Von der Stadt nach Shunyi
Laut den jährlich veröffentlichten Daten der Verwaltungsstatistikbüros von Peking und den Regierungsbezirken hat die ständige Einwohnerzahl in Chaoyang, einem der sechs städtischen Verwaltungsbezirke, seit 2015 etwa 540.000 Menschen abgenommen. Die anderen fünf städtischen Verwaltungsbezirke - Dongcheng, Xicheng, Haidian, Fengtai und Shijingshan - haben ebenfalls abgenommen, und zwar jeweils um 197.000, 211.000, 596.000, 373.000 und 105.000 Menschen.

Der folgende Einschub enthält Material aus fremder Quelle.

(* Fix $\rho>0$, integers $M\ge N\ge1$ and scalars $c_0,\dots,c_{N-1}>0$. Then for all $A\in\mathbb{P}_N(\overline{D}(0,\rho))$, $$A^{\circ M}\le\mathcal{C}(\mathbf{c};z^M;N,\rho)\cdot\bigl(c_0\mathbf{1}_{N\times N}+c_1A+\cdots+c_{N-1}A^{\circ(N-1)}\bigr)$$ in the Loewner order. Moreover the constant $\mathcal{C}(\mathbf{c};z^M;N,\rho)$ is sharp: it is the smallest constant for which this inequality holds for all such $A$.
   Context: $\mathbb{P}_N(\overline{D}(0,\rho))$ is the set of $N\times N$ Hermitian positive semidefinite matrices with entries in the closed disc of radius $\rho$ about $0$. $A^{\circ n}$ is the entrywise $n$-th power; $\mathbf{1}_{N\times N}$ is the all-ones matrix. $B\le C$ means $C-B$ is positive semidefinite. For $\mathbf{c}=(c_0,\dots,c_{N-1})$ with $c_j>0$ and $M\ge N$, $\mathcal{C}(\mathbf{c};z^M;N,\rho):=\sum_{j=0}^{N-1}\binom{M}{j}^2\binom{M-j-1}{N-j-1}^2\rho^{M-j}/c_j$. *)

theory Defs
  imports Complex_Main
begin

text \<open>N x N complex matrices are represented as functions nat \<Rightarrow> nat \<Rightarrow> complex;
  only entries with indices i, j < N are relevant.\<close>

definition hermitian :: "nat \<Rightarrow> (nat \<Rightarrow> nat \<Rightarrow> complex) \<Rightarrow> bool" where
  "hermitian N A \<longleftrightarrow> (\<forall>i<N. \<forall>j<N. A j i = cnj (A i j))"

definition psd :: "nat \<Rightarrow> (nat \<Rightarrow> nat \<Rightarrow> complex) \<Rightarrow> bool" where
  "psd N A \<longleftrightarrow> hermitian N A \<and>
     (\<forall>v :: nat \<Rightarrow> complex. 0 \<le> Re (\<Sum>i<N. \<Sum>j<N. cnj (v i) * A i j * v j))"

definition loewner_le :: "nat \<Rightarrow> (nat \<Rightarrow> nat \<Rightarrow> complex) \<Rightarrow> (nat \<Rightarrow> nat \<Rightarrow> complex) \<Rightarrow> bool" where
  "loewner_le N B C \<longleftrightarrow> psd N (\<lambda>i j. C i j - B i j)"

definition PN :: "nat \<Rightarrow> real \<Rightarrow> (nat \<Rightarrow> nat \<Rightarrow> complex) \<Rightarrow> bool" where
  "PN N \<rho> A \<longleftrightarrow> psd N A \<and> (\<forall>i<N. \<forall>j<N. cmod (A i j) \<le> \<rho>)"

text \<open>Entrywise (Hadamard) power; hpow A 0 is the all-ones matrix.\<close>
definition hpow :: "(nat \<Rightarrow> nat \<Rightarrow> complex) \<Rightarrow> nat \<Rightarrow> (nat \<Rightarrow> nat \<Rightarrow> complex)" where
  "hpow A n = (\<lambda>i j. (A i j) ^ n)"

definition Cconst :: "(nat \<Rightarrow> real) \<Rightarrow> nat \<Rightarrow> nat \<Rightarrow> real \<Rightarrow> real" where
  "Cconst c M N \<rho> = (\<Sum>j<N. real (M choose j) ^ 2 * real ((M - j - 1) choose (N - j - 1)) ^ 2
       * \<rho> ^ (M - j) / c j)"

definition rhs :: "nat \<Rightarrow> (nat \<Rightarrow> real) \<Rightarrow> real \<Rightarrow> (nat \<Rightarrow> nat \<Rightarrow> complex) \<Rightarrow> (nat \<Rightarrow> nat \<Rightarrow> complex)" where
  "rhs N c t A = (\<lambda>i j. complex_of_real t * (\<Sum>k<N. complex_of_real (c k) * hpow A k i j))"

end

theory Submission
  imports Defs "HOL-Analysis.Convex" "HOL-Computational_Algebra.Polynomial"
begin

text \<open>The upper bound is proved by induction on \<open>N\<close>, in the manner of FitzGerald and Horn.
  Write \<open>A = z z\<^sup>* + B\<close> with \<open>B\<close> positive semidefinite and vanishing outside the leading
  \<open>(N - 1) \<times> (N - 1)\<close> block, and integrate the entrywise derivative of
  \<open>f(w) = \<Sum>\<^sub>k\<^sub><\<^sub>N c\<^sub>k w\<^sup>k - w\<^sup>M\<close> along the segment from \<open>z z\<^sup>*\<close> to \<open>A\<close>. That derivative is
  \<open>M\<close> times a function of the same shape for \<open>N - 1\<close> and \<open>M - 1\<close>, whose constant does not
  exceed the original one, so the Schur product theorem closes the induction.

  At the rank-one endpoint, reducing \<open>w\<^sup>M\<close> modulo \<open>\<Prod>\<^sub>i (w - z\<^sub>i)\<close> writes the moment
  \<open>\<gamma>\<^sub>M = \<Sum>\<^sub>i v\<^sub>i\<^sup>* z\<^sub>i\<^sup>M\<close> as \<open>\<Sum>\<^sub>k\<^sub><\<^sub>N \<beta>\<^sub>k \<gamma>\<^sub>k\<close>. Up to sign the \<open>\<beta>\<^sub>k\<close> are hook Schur polynomials
  in the \<open>z\<^sub>i\<close>, so \<open>|\<beta>\<^sub>k|\<close> is at most their value at the constant list \<open>\<surd>\<rho>\<close>, and Cauchy--Schwarz
  gives the inequality with exactly the constant \<open>\<C>\<close>. Conversely, for distinct \<open>z\<^sub>i\<close> a Vandermonde
  system yields \<open>v\<close> with \<open>\<gamma>\<^sub>k = \<beta>\<^sub>k\<^sup>* / c\<^sub>k\<close>, turning Cauchy--Schwarz into an equality; letting
  the \<open>z\<^sub>i\<close> tend to \<open>\<surd>\<rho>\<close> shows that no smaller constant works.\<close>

section \<open>Symmetric polynomials of a list\<close>

fun esym :: "nat \<Rightarrow> 'a::comm_ring_1 list \<Rightarrow> 'a" where
  "esym b [] = (if b = 0 then 1 else 0)"
| "esym b (x # xs) = esym b xs + (if b = 0 then 0 else x * esym (b - 1) xs)"

fun hsym :: "nat \<Rightarrow> 'a::comm_ring_1 list \<Rightarrow> 'a" where
  "hsym m [] = (if m = 0 then 1 else 0)"
| "hsym m (x # xs) = (\<Sum>j\<le>m. x ^ j * hsym (m - j) xs)"

text \<open>The Schur polynomial of the hook partition \<open>(a, 1\<^sup>b)\<close>, expanded along the first variable
  carrying the corner of the hook.\<close>
fun hook_schur :: "nat \<Rightarrow> nat \<Rightarrow> 'a::comm_ring_1 list \<Rightarrow> 'a" where
  "hook_schur a b [] = 0"
| "hook_schur a b (x # xs) = hook_schur a b xs + x * hsym (a - 1) (x # xs) * esym b xs"

lemma esym_0 [simp]: "esym 0 xs = 1"
  by (induction xs) auto

lemma esym_eq_0: "length xs < b \<Longrightarrow> esym b xs = 0"
  by (induction xs arbitrary: b) auto

lemma hsym_0 [simp]: "hsym 0 xs = 1"
  by (induction xs) auto

lemma hsym_Cons_Suc: "hsym (Suc m) (x # xs) = hsym (Suc m) xs + x * hsym m (x # xs)"
proof -
  have "hsym (Suc m) (x # xs) = hsym (Suc m) xs + (\<Sum>j\<le>m. x ^ Suc j * hsym (m - j) xs)"
    by (subst hsym.simps, subst sum.atMost_Suc_shift) simp
  also have "(\<Sum>j\<le>m. x ^ Suc j * hsym (m - j) xs) = x * hsym m (x # xs)"
    by (simp add: sum_distrib_left mult.assoc)
  finally show ?thesis .
qed

declare hsym.simps(2) [simp del]

lemma hook_schur_1: "hook_schur 1 b xs = esym (Suc b) xs"
  by (induction xs) auto

lemma hook_schur_0: "1 \<le> a \<Longrightarrow> hook_schur a 0 xs = hsym a xs"
  by (induction xs) (auto simp: hsym_Cons_Suc dest!: Suc_le_D)

lemma hook_schur_eq_0: "length xs \<le> b \<Longrightarrow> hook_schur a b xs = 0"
  by (induction xs) (auto simp: esym_eq_0)

lemma hsym_mult_esym:
  "1 \<le> a \<Longrightarrow> hsym a xs * esym (Suc b) xs = hook_schur (Suc a) b xs + hook_schur a (Suc b) xs"
proof (induction xs)
  case (Cons x xs)
  then obtain m where a: "a = Suc m" by (cases a) auto
  have "hook_schur (Suc a) b (x # xs) + hook_schur a (Suc b) (x # xs)
      = (hook_schur (Suc a) b xs + hook_schur a (Suc b) xs)
        + x * hsym a (x # xs) * esym b xs + x * hsym m (x # xs) * esym (Suc b) xs"
    by (simp add: a algebra_simps)
  also have "\<dots> = hsym a (x # xs) * esym (Suc b) (x # xs)"
    using Cons by (simp add: a hsym_Cons_Suc algebra_simps)
  finally show ?case ..
qed simp

lemma esym_replicate: "esym b (replicate n x) = of_nat (n choose b) * x ^ b"
proof (induction n arbitrary: b)
  case (Suc n)
  then show ?case by (cases b) (auto simp: algebra_simps)
qed (simp add: binomial_eq_0)

lemma hsym_replicate: "hsym m (replicate n x) = of_nat ((n + m - 1) choose m) * x ^ m"
proof (induction n arbitrary: m)
  case 0
  then show ?case by (cases m) (auto simp: binomial_eq_0)
next
  case (Suc n)
  note IH_n = Suc.IH
  show ?case
  proof (induction m)
    case (Suc m)
    have "hsym (Suc m) (replicate (Suc n) x)
        = hsym (Suc m) (replicate n x) + x * hsym m (replicate (Suc n) x)"
      by (simp add: hsym_Cons_Suc)
    also have "\<dots> = of_nat (((n + m) choose Suc m) + ((n + m) choose m)) * x ^ Suc m"
      using Suc.IH IH_n[of "Suc m"] by (simp add: algebra_simps)
    finally show ?case by (simp add: add.commute)
  qed simp
qed

lemma binomial_mult_binomial_shift:
  "(n + a choose (a + b)) * ((a + b) choose b) = (n + a choose a) * (n choose b)"
proof (cases "b \<le> n")
  case True
  have "(n + a choose (a + b)) * ((a + b) choose a) = (n + a choose a) * (n choose b)"
    using choose_mult[of a "a + b" "n + a"] True by simp
  then show ?thesis
    by (metis add_diff_cancel_left' binomial_symmetric le_add1)
qed (simp add: binomial_eq_0)

lemma hook_schur_replicate:
  assumes "1 \<le> a"
  shows "hook_schur a b (replicate n x)
       = of_nat (((n + a - 1) choose (a + b)) * ((a + b - 1) choose b)) * x ^ (a + b)"
proof (induction n)
  case 0
  show ?case using assms by (simp add: binomial_eq_0)
next
  case (Suc n)
  obtain m where a: "a = Suc m" using assms by (cases a) auto
  have h: "hsym m (x # replicate n x) = of_nat ((n + m) choose m) * x ^ m"
    using hsym_replicate[of m "Suc n" x] by simp
  have "hook_schur a b (replicate (Suc n) x)
      = hook_schur a b (replicate n x) + x * hsym m (x # replicate n x) * esym b (replicate n x)"
    by (simp add: a)
  also have "\<dots> = of_nat (((n + m) choose Suc (m + b)) * ((m + b) choose b)
                          + ((n + m) choose m) * (n choose b)) * x ^ (a + b)"
    using Suc.IH by (simp add: h esym_replicate a algebra_simps power_add)
  also have "((n + m) choose Suc (m + b)) * ((m + b) choose b) + ((n + m) choose m) * (n choose b)
      = ((Suc n + a - 1) choose (a + b)) * ((a + b - 1) choose b)"
    using binomial_mult_binomial_shift[of n m b] by (simp add: a algebra_simps)
  finally show ?case .
qed

lemma esym_nonneg: "\<forall>y\<in>set xs. (0::real) \<le> y \<Longrightarrow> 0 \<le> esym b xs"
  by (induction xs arbitrary: b) auto

lemma hsym_nonneg: "\<forall>y\<in>set xs. (0::real) \<le> y \<Longrightarrow> 0 \<le> hsym m xs"
  by (induction xs arbitrary: m) (auto simp: hsym.simps(2) intro!: sum_nonneg)

lemma norm_esym_le:
  "\<forall>y\<in>set u. norm y \<le> r \<Longrightarrow> 0 \<le> r \<Longrightarrow> norm (esym b (u::'a::real_normed_field list)) \<le> esym b (replicate (length u) r)"
proof (induction u arbitrary: b)
  case (Cons x xs)
  have "norm (esym b (x # xs)) \<le> norm (esym b xs) + (if b = 0 then 0 else norm x * norm (esym (b - 1) xs))"
    by (auto intro: norm_triangle_ineq[THEN order_trans] simp: norm_mult)
  also have "\<dots> \<le> esym b (replicate (length xs) r)
                     + (if b = 0 then 0 else r * esym (b - 1) (replicate (length xs) r))"
    using Cons by (auto intro!: add_mono mult_mono esym_nonneg)
  finally show ?case by simp
qed simp

lemma norm_hsym_le:
  "\<forall>y\<in>set u. norm y \<le> r \<Longrightarrow> 0 \<le> r \<Longrightarrow> norm (hsym m (u::'a::real_normed_field list)) \<le> hsym m (replicate (length u) r)"
proof (induction u arbitrary: m)
  case (Cons x xs)
  have "norm (hsym m (x # xs)) \<le> (\<Sum>j\<le>m. norm x ^ j * norm (hsym (m - j) xs))"
    by (simp add: hsym.simps(2)) (rule order_trans[OF norm_sum], simp add: norm_mult norm_power)
  also have "\<dots> \<le> (\<Sum>j\<le>m. r ^ j * hsym (m - j) (replicate (length xs) r))"
    using Cons by (auto intro!: sum_mono mult_mono power_mono hsym_nonneg)
  finally show ?case by (simp add: hsym.simps(2))
qed simp

lemma norm_hook_schur_le:
  "\<forall>y\<in>set u. norm y \<le> r \<Longrightarrow> 0 \<le> r
   \<Longrightarrow> norm (hook_schur a b (u::'a::real_normed_field list)) \<le> hook_schur a b (replicate (length u) r)"
proof (induction u)
  case (Cons x xs)
  have h: "norm (hsym (a - 1) (x # xs)) \<le> hsym (a - 1) (replicate (Suc (length xs)) r)"
    using norm_hsym_le[OF Cons.prems] by simp
  have e: "norm (esym b xs) \<le> esym b (replicate (length xs) r)"
    using norm_esym_le Cons.prems by auto
  have "norm (hook_schur a b (x # xs))
      \<le> norm (hook_schur a b xs) + norm x * norm (hsym (a - 1) (x # xs)) * norm (esym b xs)"
    by (auto intro: norm_triangle_ineq[THEN order_trans] simp: norm_mult)
  also have "\<dots> \<le> hook_schur a b (replicate (length xs) r)
                  + r * hsym (a - 1) (replicate (Suc (length xs)) r) * esym b (replicate (length xs) r)"
    using Cons h e by (auto intro!: add_mono mult_mono esym_nonneg hsym_nonneg mult_nonneg_nonneg)
  finally show ?case by simp
qed simp

section \<open>Reducing powers modulo a polynomial with prescribed roots\<close>

definition vieta_coeff :: "'a::comm_ring_1 list \<Rightarrow> nat \<Rightarrow> 'a" where
  "vieta_coeff u k = (if k \<le> length u then (-1) ^ (length u - k) * esym (length u - k) u else 0)"

lemma vieta_coeff_Cons: "vieta_coeff (y # u) k = (if k = 0 then 0 else vieta_coeff u (k - 1)) - y * vieta_coeff u k"
proof -
  consider "k = 0" | "0 < k" "k \<le> length u" | "k = Suc (length u)" | "k > Suc (length u)"
    by linarith
  then show ?thesis
  proof cases
    case 2
    then obtain j where "length u - k = j" "length u - (k - 1) = Suc j" by auto
    with 2 show ?thesis by (auto simp: vieta_coeff_def Suc_diff_le algebra_simps)
  qed (auto simp: vieta_coeff_def esym_eq_0)
qed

Im Gegensatz dazu zeigt die Bevölkerung in den Vororten Pekings in den letzten Jahren einen starken Anstieg und wird immer jünger.
Shunyi ist einer dieser auffälligen Orte. Als der nördlichste Vorort, der am nächsten an der Stadt liegt, hat er einen Großteil der Migranten aus Chaoyang aufgenommen. Seit 2015, als in allen städtischen Verwaltungsbezirken die Bevölkerungszahlen zurückgingen, hat die ständige Einwohnerzahl hier um fast 300.000 zugenommen.
In der Vergangenheit war dieser Ort außer für die einheimischen Einwohner und die Mitarbeiter in der Luftfahrtindustrie auch ein bekannter Wohnort für wohlhabende Familien. Die repräsentative Gruppe sind die „Mütter von Shunyi“, die in der Internetgemeinde eine hohe Wiedererkennung hatten. Diese Bevölkerungsgruppe wohnt hauptsächlich im Zentralen Villenviertel entlang des Wenyu-Flusses.
Um 2021 herum zogen junge Migrantenarbeitnehmer, die in der Stadt ums Überleben kämpften, um eine höhere Lebensqualität zu erreichen, in großer Zahl nach Shunyi. Die Bevölkerungsstatistikdaten von Peking zeigen, dass die Bevölkerung im Alter von 20 bis 44 Jahren in Shunyi von 186.000 auf etwa 198.000 Menschen zugenommen hat, während in der gleichen Zeitspanne die Bevölkerung derselben Altersgruppe in Chaoyang von 862.000 auf 810.000 Menschen zurückgegangen ist.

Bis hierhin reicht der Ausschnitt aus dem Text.